◎「そで(袖)

「そで(衣手)」。→「そ(衣)」はその項参照(7月3日)。衣服を意味する。「そで(衣手)」はその「そ(衣)」の手の部分、の意。

「白𣑥(しろたへ)の衣手(そて:蘇弖)着そなふ手腓(たこむら)に…」(『古事記』歌謡97:「こむら(腓)」は別名「ふくらはぎ」)。

 

◎「そと(外)」

「そとよ(其と世)」。それとある世(よ)、「うち(内・家)」に対する「世(よ):外界」、の意。奈良平安時代にはこの言葉はなく、古くは「と(外)」と言った。「うちにもそとにも(内にも外にも)」ではなく、「うちにもとにも(内にも外にも)」→「と(外)」の項。域Aが識別され、自己はAに属する場合の域・A以外の域。「と(外)」よりも表現は客観的になっている。

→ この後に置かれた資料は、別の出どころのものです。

lemma op_eq_reflected_sum:
  assumes P: "isometries_between P lo hi lo' hi'" and op: "op_eq m b lo' hi' w \<sigma>"
    and "even m" "m \<ge> 1"
    and coeff: "\<forall>(c, \<epsilon>)\<in>P. \<forall>t\<in>{lo<..<hi}. \<forall>k<m. b k (c + \<epsilon> * t) = \<epsilon> ^ k * a k t"
  shows "op_eq m a lo hi (reflected_sum P w) (reflected_sum P \<sigma>)"
proof -
  have "op_eq m a lo hi (\<lambda>t. \<Sum>(c, \<epsilon>)\<in>P. w (c + \<epsilon> * t)) (\<lambda>t. \<Sum>(c, \<epsilon>)\<in>P. \<sigma> (c + \<epsilon> * t))"
  proof (rule op_eq_sum[OF isometries_betweenD(1)[OF P]], clarify)
    fix c \<epsilon> assume "(c, \<epsilon>) \<in> P"
    with coeff isometries_betweenD(2,3)[OF P this]
    show "op_eq m a lo hi (\<lambda>t. w (c + \<epsilon> * t)) (\<lambda>t. \<sigma> (c + \<epsilon> * t))"
      by (intro op_eq_affine[OF op \<open>even m\<close> \<open>m \<ge> 1\<close>]) auto
  qed
  then show ?thesis
    unfolding reflected_sum_def .
qed

lemma reflected_sum_in_X_Neumann:
  assumes P: "isometries_between P lo hi lo' hi'" and W: "W_derivs m lo' hi' w D"
    and odd_vanish: "\<And>k. odd k \<Longrightarrow> k < m \<Longrightarrow>
       (\<Sum>(c, \<epsilon>)\<in>P. \<epsilon> ^ k * D k (c + \<epsilon> * lo)) = 0 \<and> (\<Sum>(c, \<epsilon>)\<in>P. \<epsilon> ^ k * D k (c + \<epsilon> * hi)) = 0"
  shows "reflected_sum P w \<in> X_Neumann m lo hi"
  unfolding X_Neumann_def
proof (intro CollectI exI conjI allI impI)
  show "W_derivs m lo hi (reflected_sum P w) (\<lambda>k t. \<Sum>(c, \<epsilon>)\<in>P. \<epsilon> ^ k * D k (c + \<epsilon> * t))"
    by (rule W_derivs_reflected_sum[OF P W])
  fix k :: nat assume "2 * k + 1 < m"
  moreover have "odd (2 * k + 1)" by simp
  ultimately have "(\<Sum>(c, \<epsilon>)\<in>P. \<epsilon> ^ (2 * k + 1) * D (2 * k + 1) (c + \<epsilon> * lo)) = 0 \<and>
                   (\<Sum>(c, \<epsilon>)\<in>P. \<epsilon> ^ (2 * k + 1) * D (2 * k + 1) (c + \<epsilon> * hi)) = 0"
    using odd_vanish by blast
  then show "(\<Sum>(c, \<epsilon>)\<in>P. \<epsilon> ^ (2 * k + 1) * D (2 * k + 1) (c + \<epsilon> * lo)) = 0"
    and "(\<Sum>(c, \<epsilon>)\<in>P. \<epsilon> ^ (2 * k + 1) * D (2 * k + 1) (c + \<epsilon> * hi)) = 0"
    by blast+
qed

「外 ソト」(『運歩色葉集』(1548年):ここに「ト」の読みはない)。「外 ………ト」(『類聚名義抄』(1000年代頃):ここに「ソト」の読みはない)。

「鬼はそと。福はうち」。

 

◎「そと」

「そろと」の「ろ」の脱落であり、「そろと」は「しおろと(為疎と)」。つまり「そろ」は「しおろ」。「しおろ(為疎)」は動態の構成にも、その動的展開性にも、空虚感があること。すなわち、動態の威力のようなものも弱く、その動的展開性もゆっくりとしていること。それが「そろ」。それに助詞の「と」がついた「そと」は、何かを食べればその食べる量が少量であったり、その動態が目立たないものであったり、刺激の弱い(あるいは無い)ものであったり、あるいはゆっくりしたものであったりすることを表現する。動態発動自体に関する「そろそろ」や動態自体の「そろそろ」もそうしたことを表現する。

心情的に表現が深まれば「そおっと」や「そっと」にもなる→「そっとしておいてあげなさい」。

「そとおん見せ候へ」(ほんの少しでいいから見せてください、の意)。「そとしたる橋」(目立たないちょっとした橋)。「案内なしにそとまゐり」(案内なしに目立たぬよう行き)。